Early Indian descriptions portray Mārīcī as the brilliance of daybreak, elusive and impossible to harm. The earliest known reference to her dhāraṇī occurs in the eighth century, when Śāntideva cites her protective incantation in the Compendium of Training (Śikṣāsamuccaya), invoking Mārīcī as a protector against all dangers.[3] While Mārīcī shares some features with other deities from surrounding cultures—including the Iranian sun deity Mithra, the Indian sun god Sūrya, and the Vedic dawn goddess Uṣas—fundamentally she has always been a Buddhist protector whose power rests on wisdom and compassion.[4]

Iconographically, the earliest known forms of Mārīcī, recorded in Chinese translations of now-lost Indian texts from the sixth to seventh centuries, depict her seated on a lotus and with two arms, one holding a fan and the other making a gesture of blessing. By the ninth or tenth century, her imagery had become more elaborate in tantric contexts. She began to be depicted with three faces and six arms, holding objects such as a needle and thread, a branch of the aśoka tree, a vajra, and a bow and arrow. From the tenth century onward, she was sometimes portrayed on a chariot drawn by seven boars. Despite these more complex forms, her essential character remained unchanged: protecting by offering means to elude danger rather than confronting it violently.[5]

A substantial body of Indian ritual material developed around Mārīcī over the centuries. Central to this is the Noble Mārīcī Dhāraṇī (Ārya-mārīcī-nāma-dhāraṇī), which survives in numerous Sanskrit manuscripts as well as in Tibetan and Chinese translations, and continues to be practiced today by both monastics and lay practitioners. Twelfth-century tantric compendia such as Abhayākaragupta's Niṣpannayogāvalī and the Sādhanamālā provide detailed visualizations and practical rites. Together, these materials indicate that Mārīcī's cult remained active well into the late Buddhist period, even as Buddhism in India was in decline.[6]
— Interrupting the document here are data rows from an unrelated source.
lemma sum_weighted_cubes_in_cbox_t_le:
  fixes M :: "(nat \<Rightarrow> real^'d) measure" and F :: "(nat \<Rightarrow> real^'d) set set"
  assumes "finite_measure M" "sets M = sets (PiM {..<t} (\<lambda>_. borel))"
    and F: "finite F" "\<And>G. G \<in> F \<Longrightarrow> \<exists>z. G = cube t h z \<and> G \<subseteq> cbox_t t R"
    and "1 \<le> t" "0 < h" "1 \<le> R" "A \<in> sets M" "0 \<le> a" "a < 1" "0 \<le> r" "0 \<le> b" "0 \<le> c"
  shows "(\<Sum>G\<in>F. set_weight t r b c G * measure M (G \<inter> A) powr (1 - a))
    \<le> 2 powr b * (real t * real CARD('d) * R) powr (r * b) * (real t * real CARD('d) * h + 1) powr c
      * ((2 * R / h) powr (real CARD('d) * real t * a) * (2 ^ (CARD('d) * t) * measure M A) powr (1 - a))"
proof -
  define W where "W = 2 powr b * (real t * real CARD('d) * R) powr (r * b) * (real t * real CARD('d) * h + 1) powr c"
  have "(\<Sum>G\<in>F. set_weight t r b c G * measure M (G \<inter> A) powr (1 - a))
      \<le> (\<Sum>G\<in>F. W * measure M (G \<inter> A) powr (1 - a))"
  proof (intro sum_mono mult_right_mono)
    fix G assume "G \<in> F"
    then obtain z where "G = cube t h z" "G \<subseteq> cbox_t t R" using F(2) by blast
    then show "set_weight t r b c G \<le> W"
      unfolding W_def using set_weight_cube_le[of t h R z r b c] assms by simp
  qed simp
  also have "\<dots> = W * (\<Sum>G\<in>F. measure M (G \<inter> A) powr (1 - a))"
    by (simp add: sum_distrib_left)
  also have "\<dots> \<le> W * (((2 * R / h) ^ (CARD('d) * t)) powr a * (2 ^ (CARD('d) * t) * measure M A) powr (1 - a))"
    using assms card_cubes_in_cbox_t_le[of h R F t] unfolding W_def
    by (intro mult_left_mono sum_cubes_Int_powr_le) auto
  also have "((2 * R / h) ^ (CARD('d) * t)) powr a = (2 * R / h) powr (real CARD('d) * real t * a)"
    using assms by (simp add: realpow_powr)
  finally show ?thesis unfolding W_def .
qed

section \<open>Decomposition along the annuli\<close>

lemma measure_Int_cbox_t_pow2_eq_sum_Ann:
  fixes M :: "(nat \<Rightarrow> real^'d) measure"
  assumes "finite_measure M" "sets M = sets (PiM {..<t} (\<lambda>_. borel))" "G \<in> sets M"
  shows "measure M (G \<inter> cbox_t t (2 ^ J)) = (\<Sum>i\<le>J. measure M (G \<inter> Ann t i))"
proof (induction J)
  case 0
  then show ?case by (simp add: Ann_def)
next
  case (Suc J)
  interpret finite_measure M by fact
  have split: "G \<inter> cbox_t t (2 ^ Suc J) = (G \<inter> cbox_t t (2 ^ J)) \<union> (G \<inter> Ann t (Suc J))"
    using cbox_t_mono[of "2 ^ J" "2 ^ Suc J" t] by (auto simp: Ann_def)
  have "measure M (G \<inter> cbox_t t (2 ^ Suc J))
      = measure M (G \<inter> cbox_t t (2 ^ J)) + measure M (G \<inter> Ann t (Suc J))"
    unfolding split using assms sets_cbox_t sets_Ann by (intro finite_measure_Union) (auto simp: Ann_def)
  then show ?case using Suc by simp
qed

lemma cbox_t_subset_obox_t: "R < R' \<Longrightarrow> cbox_t t R \<subseteq> obox_t t R'"
  unfolding cbox_t_def obox_t_def by (auto intro: le_less_trans)

lemma Ann_Int_AnnCl_nonemptyD:
  assumes "Ann t i \<inter> (AnnCl t j :: (nat \<Rightarrow> real^'d) set) \<noteq> {}"
  shows "j = i \<or> j = Suc i"
proof -
  obtain y :: "nat \<Rightarrow> real^'d" where y: "y \<in> Ann t i" "y \<in> AnnCl t j" using assms by blast
  have "\<not> j < i"
  proof
    assume "j < i"
    then have "cbox_t t (2 ^ j) \<subseteq> cbox_t t (2 ^ (i - 1))"
      by (intro cbox_t_mono power_increasing) auto
    then show False using y \<open>j < i\<close> AnnCl_subset_cbox_t[of t j] unfolding Ann_def by auto
  qed
  moreover have "\<not> Suc i < j"
  proof
    assume "Suc i < j"
    then have "cbox_t t (2 ^ i) \<subseteq> obox_t t (2 ^ (j - 1))"
      by (intro cbox_t_subset_obox_t power_strict_increasing) auto
    then show False using y \<open>Suc i < j\<close> Ann_subset_cbox_t[of t i] unfolding AnnCl_def by auto
  qed
  ultimately show ?thesis by linarith
qed

lemma cube_meeting_cbox_t_subset:
  fixes z :: "nat \<Rightarrow> int^'d"
  assumes "0 \<le> h" "cube t h z \<inter> cbox_t t R \<noteq> {}"
  shows "cube t h z \<subseteq> cbox_t t (R + h)"
proof
  fix x assume x: "x \<in> cube t h z"
  obtain y where y: "y \<in> cube t h z" "y \<in> cbox_t t R" using assms(2) by blast
  have "\<bar>x s $ k\<bar> \<le> R + h" if "s < t" for s k
  proof -
    have "\<bar>y s $ k\<bar> \<le> R" using y(2) that unfolding cbox_t_def by blast
    then show ?thesis
      using mem_cubeD[OF x that, of k] mem_cubeD[OF y(1) that, of k] by (auto simp: abs_le_iff distrib_left)
  qed
  then show "x \<in> cbox_t t (R + h)" using x unfolding cube_def cbox_t_def by auto
qed

lemma sum_powr_le_sum_annuli:
  fixes M :: "(nat \<Rightarrow> real^'d) measure"
  assumes "finite_measure M" "sets M = sets (PiM {..<t} (\<lambda>_. borel))" "finite F"
    and F: "\<And>G. G \<in> F \<Longrightarrow> G \<in> sets M \<and> G \<subseteq> cbox_t t (2 ^ J)"
    and "\<And>G. 0 \<le> w G" "0 \<le> a" "a < 1"
  shows "(\<Sum>G\<in>F. w G * measure M G powr (1 - a))
    \<le> (\<Sum>i\<le>J. \<Sum>G\<in>F. w G * measure M (G \<inter> Ann t i) powr (1 - a))"
proof -
  have "(\<Sum>G\<in>F. w G * measure M G powr (1 - a))
      \<le> (\<Sum>G\<in>F. w G * (\<Sum>i\<le>J. measure M (G \<inter> Ann t i) powr (1 - a)))"
  proof (intro sum_mono mult_left_mono)
    fix G assume "G \<in> F"
    then have "measure M G = (\<Sum>i\<le>J. measure M (G \<inter> Ann t i))"
      using F measure_Int_cbox_t_pow2_eq_sum_Ann[OF assms(1,2)] by (metis inf.absorb1)
    then show "measure M G powr (1 - a) \<le> (\<Sum>i\<le>J. measure M (G \<inter> Ann t i) powr (1 - a))"
      using assms by (simp add: powr_sum_le_sum_powr)
  qed (use assms in auto)
  also have "\<dots> = (\<Sum>i\<le>J. \<Sum>G\<in>F. w G * measure M (G \<inter> Ann t i) powr (1 - a))"
    by (simp add: sum_distrib_left sum.swap[of _ F])
  finally show ?thesis .
qed

lemma finite_cubes_subset_cbox_t_pow2:
  assumes "finite F" "\<And>G. G \<in> F \<Longrightarrow> \<exists>h z. G = cube t h z"
  shows "\<exists>J. \<forall>G\<in>F. G \<subseteq> cbox_t t (2 ^ J)"
proof -
  have "\<forall>G\<in>F. \<exists>J. G \<subseteq> cbox_t t (2 ^ J)"
    using assms(2) cube_subset_cbox_t_pow2 by blast
  then obtain J where J: "\<And>G. G \<in> F \<Longrightarrow> G \<subseteq> cbox_t t (2 ^ J G)"
    by metis
  have "G \<subseteq> cbox_t t (2 ^ (\<Sum>G\<in>F. J G))" if "G \<in> F" for G
  proof -
    have "J G \<le> (\<Sum>G\<in>F. J G)" using assms(1) that by (intro member_le_sum) auto
    then have "(2::real) ^ J G \<le> 2 ^ (\<Sum>G\<in>F. J G)" by (intro power_increasing) auto
    then show ?thesis using J[OF that] cbox_t_mono by blast
  qed
  then show ?thesis by blast
qed

lemma sum_weighted_powr_le_annuli_bound:
  fixes M :: "(nat \<Rightarrow> real^'d) measure" and F :: "(nat \<Rightarrow> real^'d) set set"
  assumes "finite_measure M" "sets M = sets (PiM {..<t} (\<lambda>_. borel))" "0 \<le> a" "a < 1"
    and "finite F" "\<And>G. G \<in> F \<Longrightarrow> \<exists>h z. G = cube t h z" "\<And>G. 0 \<le> w G"
    and annulus: "\<And>i. (\<Sum>G\<in>{G\<in>F. G \<inter> Ann t i \<noteq> {}}. w G * measure M (G \<inter> Ann t i) powr (1 - a))
      \<le> K * (g i * measure M (Ann t i) powr (1 - a))"
  shows "\<exists>J. (\<Sum>G\<in>F. w G * measure M G powr (1 - a)) \<le> K * (\<Sum>i\<le>J. g i * measure M (Ann t i) powr (1 - a))"
proof -
  obtain J where J: "\<forall>G\<in>F. G \<subseteq> cbox_t t (2 ^ J)"
    using finite_cubes_subset_cbox_t_pow2 assms(5,6) by blast
  have "(\<Sum>G\<in>F. w G * measure M G powr (1 - a))
      \<le> (\<Sum>i\<le>J. \<Sum>G\<in>F. w G * measure M (G \<inter> Ann t i) powr (1 - a))"
    using assms J sets_cube by (intro sum_powr_le_sum_annuli) fastforce+
  also have "\<dots> = (\<Sum>i\<le>J. \<Sum>G\<in>{G\<in>F. G \<inter> Ann t i \<noteq> {}}. w G * measure M (G \<inter> Ann t i) powr (1 - a))"
    using assms(5) by (intro sum.cong sum.mono_neutral_right) auto
  also have "\<dots> \<le> K * (\<Sum>i\<le>J. g i * measure M (Ann t i) powr (1 - a))"
    unfolding sum_distrib_left by (intro sum_mono annulus)
  finally show ?thesis by blast
qed

lemma sum_ennreal_le_mult_infsum:
  fixes f :: "'a \<Rightarrow> real" and g :: "nat \<Rightarrow> real"
  assumes "\<And>x. 0 \<le> f x" "\<And>i. 0 \<le> g i" "0 \<le> K" "sum f F \<le> K * (\<Sum>i\<le>J. g i)"
  shows "(\<Sum>x\<in>F. ennreal (f x)) \<le> ennreal K * (\<Sum>\<^sub>\<infinity>i\<in>UNIV. ennreal (g i))"
proof -
  have "(\<Sum>x\<in>F. ennreal (f x)) \<le> ennreal K * (\<Sum>i\<le>J. ennreal (g i))"
    using assms by (simp add: sum_ennreal ennreal_leI sum_nonneg flip: ennreal_mult)
  also have "(\<Sum>i\<le>J. ennreal (g i)) = (\<Sum>\<^sub>\<infinity>i\<in>{..J}. ennreal (g i))"
    by simp
  also have "\<dots> \<le> (\<Sum>\<^sub>\<infinity>i\<in>UNIV. ennreal (g i))"
    by (intro infsum_mono_neutral) (auto intro: nonneg_summable_on_complete)
  finally show ?thesis by (simp add: mult_left_mono)
qed

lemma infsum_weighted_powr_le_annuli:
  fixes M :: "(nat \<Rightarrow> real^'d) measure" and \<Phi> :: "(nat \<Rightarrow> real^'d) set set"
  assumes "finite_measure M" "sets M = sets (PiM {..<t} (\<lambda>_. borel))" "0 \<le> a" "a < 1"
    and cubes: "\<And>G. G \<in> \<Phi> \<Longrightarrow> \<exists>h z. G = cube t h z"
    and "\<And>G. 0 \<le> w G" "\<And>i. 0 \<le> g i" "0 \<le> K"
    and annulus: "\<And>F i. finite F \<Longrightarrow> F \<subseteq> \<Phi> \<Longrightarrow> (\<And>G. G \<in> F \<Longrightarrow> G \<inter> Ann t i \<noteq> {}) \<Longrightarrow>
        (\<Sum>G\<in>F. w G * measure M (G \<inter> Ann t i) powr (1 - a)) \<le> K * (g i * measure M (Ann t i) powr (1 - a))"
  shows "(\<Sum>\<^sub>\<infinity>G\<in>\<Phi>. ennreal (w G * measure M G powr (1 - a)))
    \<le> ennreal K * (\<Sum>\<^sub>\<infinity>j\<in>UNIV. ennreal (g j * measure M (Ann t j) powr (1 - a)))"
proof (rule infsum_le_finite_sums)
  show "(\<lambda>G. ennreal (w G * measure M G powr (1 - a))) summable_on \<Phi>"
    by (rule nonneg_summable_on_complete) simp
  fix F assume F: "finite F" "F \<subseteq> \<Phi>"
  have "\<exists>J. (\<Sum>G\<in>F. w G * measure M G powr (1 - a)) \<le> K * (\<Sum>i\<le>J. g i * measure M (Ann t i) powr (1 - a))"
  proof (rule sum_weighted_powr_le_annuli_bound[OF assms(1-4) F(1) _ assms(6)])
    show "\<And>G. G \<in> F \<Longrightarrow> \<exists>h z. G = cube t h z" using F(2) cubes by blast
    show "(\<Sum>G\<in>{G\<in>F. G \<inter> Ann t i \<noteq> {}}. w G * measure M (G \<inter> Ann t i) powr (1 - a))
        \<le> K * (g i * measure M (Ann t i) powr (1 - a))" for i
      using F by (intro annulus) auto
  qed
  then obtain J where J: "(\<Sum>G\<in>F. w G * measure M G powr (1 - a))
      \<le> K * (\<Sum>i\<le>J. g i * measure M (Ann t i) powr (1 - a))"
    by blast
  show "(\<Sum>G\<in>F. ennreal (w G * measure M G powr (1 - a)))
      \<le> ennreal K * (\<Sum>\<^sub>\<infinity>j\<in>UNIV. ennreal (g j * measure M (Ann t j) powr (1 - a)))"
    by (rule sum_ennreal_le_mult_infsum[OF _ _ _ J]) (use assms in auto)
qed

section \<open>The families hatPhi and checkPhi\<close>

lemma cube_meeting_Ann_subset_cbox_t:
  fixes z :: "nat \<Rightarrow> int^'d"
  assumes "0 \<le> h" "h \<le> 1" "cube t h z \<inter> Ann t i \<noteq> {}"
  shows "cube t h z \<subseteq> cbox_t t (2 ^ Suc i)"
proof -
  have "cube t h z \<subseteq> cbox_t t (2 ^ i + h)"
    using assms Ann_subset_cbox_t[of t i] by (intro cube_meeting_cbox_t_subset) blast+
  also have "\<dots> \<subseteq> cbox_t t (2 ^ Suc i)"
  proof (rule cbox_t_mono)
    have "(1::real) \<le> 2 ^ i" by simp
    then show "2 ^ i + h \<le> 2 ^ Suc i" using \<open>h \<le> 1\<close> by (simp only: power_Suc)
  qed
  finally show ?thesis .
qed

lemma sum_hat_cubes_Int_Ann_le:
  fixes M :: "(nat \<Rightarrow> real^'d) measure" and F :: "(nat \<Rightarrow> real^'d) set set"
  assumes "finite_measure M" "sets M = sets (PiM {..<t} (\<lambda>_. borel))"
    and "1 \<le> t" "1 \<le> m" "0 \<le> a" "a < 1" "0 \<le> r" "0 \<le> b" "0 \<le> c"
    and F: "finite F" "\<And>G. G \<in> F \<Longrightarrow> \<exists>z. G = cube t (1 / real m) z \<and> G \<inter> Ann t i \<noteq> {}"
  defines "D \<equiv> real t * real CARD('d)" and "e \<equiv> real CARD('d) * real t * a"
  shows "(\<Sum>G\<in>F. set_weight t r b c G * measure M (G \<inter> Ann t i) powr (1 - a))
    \<le> 2 powr b * (2 * D) powr (r * b) * (D + 1) powr c * 4 powr e * (2 ^ (CARD('d) * t)) powr (1 - a)
      * real m powr e * (2 powr (real i * (r * b + e)) * measure M (Ann t i) powr (1 - a))"
proof -
  define h where "h = 1 / real m"
  have "0 < h" "h \<le> 1" using \<open>1 \<le> m\<close> unfolding h_def by auto
  have cubes: "\<And>G. G \<in> F \<Longrightarrow> \<exists>z. G = cube t h z \<and> G \<inter> Ann t i \<noteq> {}"
    unfolding h_def by (fact F(2))
  have "G \<subseteq> cbox_t t (2 ^ Suc i)" if G: "G \<in> F" for G
  proof -
    obtain z where "G = cube t h z" "G \<inter> Ann t i \<noteq> {}" using cubes[OF G] by blast
    then show ?thesis using cube_meeting_Ann_subset_cbox_t[of h t z i] \<open>0 < h\<close> \<open>h \<le> 1\<close> by simp
  qed
  then have "(\<Sum>G\<in>F. set_weight t r b c G * measure M (G \<inter> Ann t i) powr (1 - a))
      \<le> 2 powr b * (D * 2 ^ Suc i) powr (r * b) * (D * h + 1) powr c
        * ((2 * 2 ^ Suc i / h) powr e * (2 ^ (CARD('d) * t) * measure M (Ann t i)) powr (1 - a))"
    using assms F(1) cubes \<open>0 < h\<close> sets_Ann one_le_power[of "2::real" "Suc i"] unfolding D_def e_def
    by (intro sum_weighted_cubes_in_cbox_t_le) (auto simp: mult.assoc)
  also have "\<dots> \<le> 2 powr b * ((2 * D) powr (r * b) * 2 powr (real i * (r * b))) * (D + 1) powr c
        * ((4 powr e * real m powr e * 2 powr (real i * e))
          * ((2 ^ (CARD('d) * t)) powr (1 - a) * measure M (Ann t i) powr (1 - a)))"
  proof -
    have "(D * 2 ^ Suc i) powr (r * b) = (2 * D) powr (r * b) * 2 powr (real i * (r * b))"
      unfolding D_def by (simp add: powr_mult realpow_powr mult.assoc)
    moreover have "(2 * 2 ^ Suc i / h) powr e = 4 powr e * real m powr e * 2 powr (real i * e)"
      using \<open>1 \<le> m\<close> unfolding h_def by (simp add: powr_mult realpow_powr mult_ac)
    moreover have "(2 ^ (CARD('d) * t) * measure M (Ann t i)) powr (1 - a)
        = (2 ^ (CARD('d) * t)) powr (1 - a) * measure M (Ann t i) powr (1 - a)"
      by (simp add: powr_mult)
    moreover have "(D * h + 1) powr c \<le> (D + 1) powr c"
      using \<open>0 < h\<close> \<open>h \<le> 1\<close> \<open>0 \<le> c\<close> unfolding D_def
      by (intro powr_mono2) (auto intro: mult_left_le)
    ultimately show ?thesis by (intro mult_mono mult_right_mono mult_left_mono) auto
  qed
  also have "\<dots> = 2 powr b * (2 * D) powr (r * b) * (D + 1) powr c * 4 powr e * (2 ^ (CARD('d) * t)) powr (1 - a)
      * real m powr e * (2 powr (real i * (r * b + e)) * measure M (Ann t i) powr (1 - a))"
    by (simp add: distrib_left powr_add mult_ac)
  finally show ?thesis .
qed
After the thirteenth and fourteenth centuries, as large Buddhist institutions disappeared in India, Mārīcī's cult declined locally but survived in Tibet, Nepal, China, and Japan through earlier translations. In Tibet, Mārīcī appears in ritual manuals, sādhana practices, and treasures (gter ma) recorded by numerous authors from at least the thirteenth century, and she has remained a prominent deity to the present day. In Nepal's Kathmandu Valley, Newar Buddhists invoke her in both monastic and domestic settings, as a means of bringing success to households, merchants, and the wider community, and she is incorporated into the Saptavāra, a liturgical cycle of seven potent dhāraṇīs recited on successive days for purification, protection, and the accumulation of merit.[7] In China, Amoghavajra's eighth-century translations introduced her dhāraṇī and ritual practices, enabling her integration into both Buddhist and Daoist protective traditions. In Japan, where she became known as Marishiten, she gained prominence from the twelfth century onward, especially among the warrior class, who valued her association with invisibility, fearlessness, and mental stability.[8]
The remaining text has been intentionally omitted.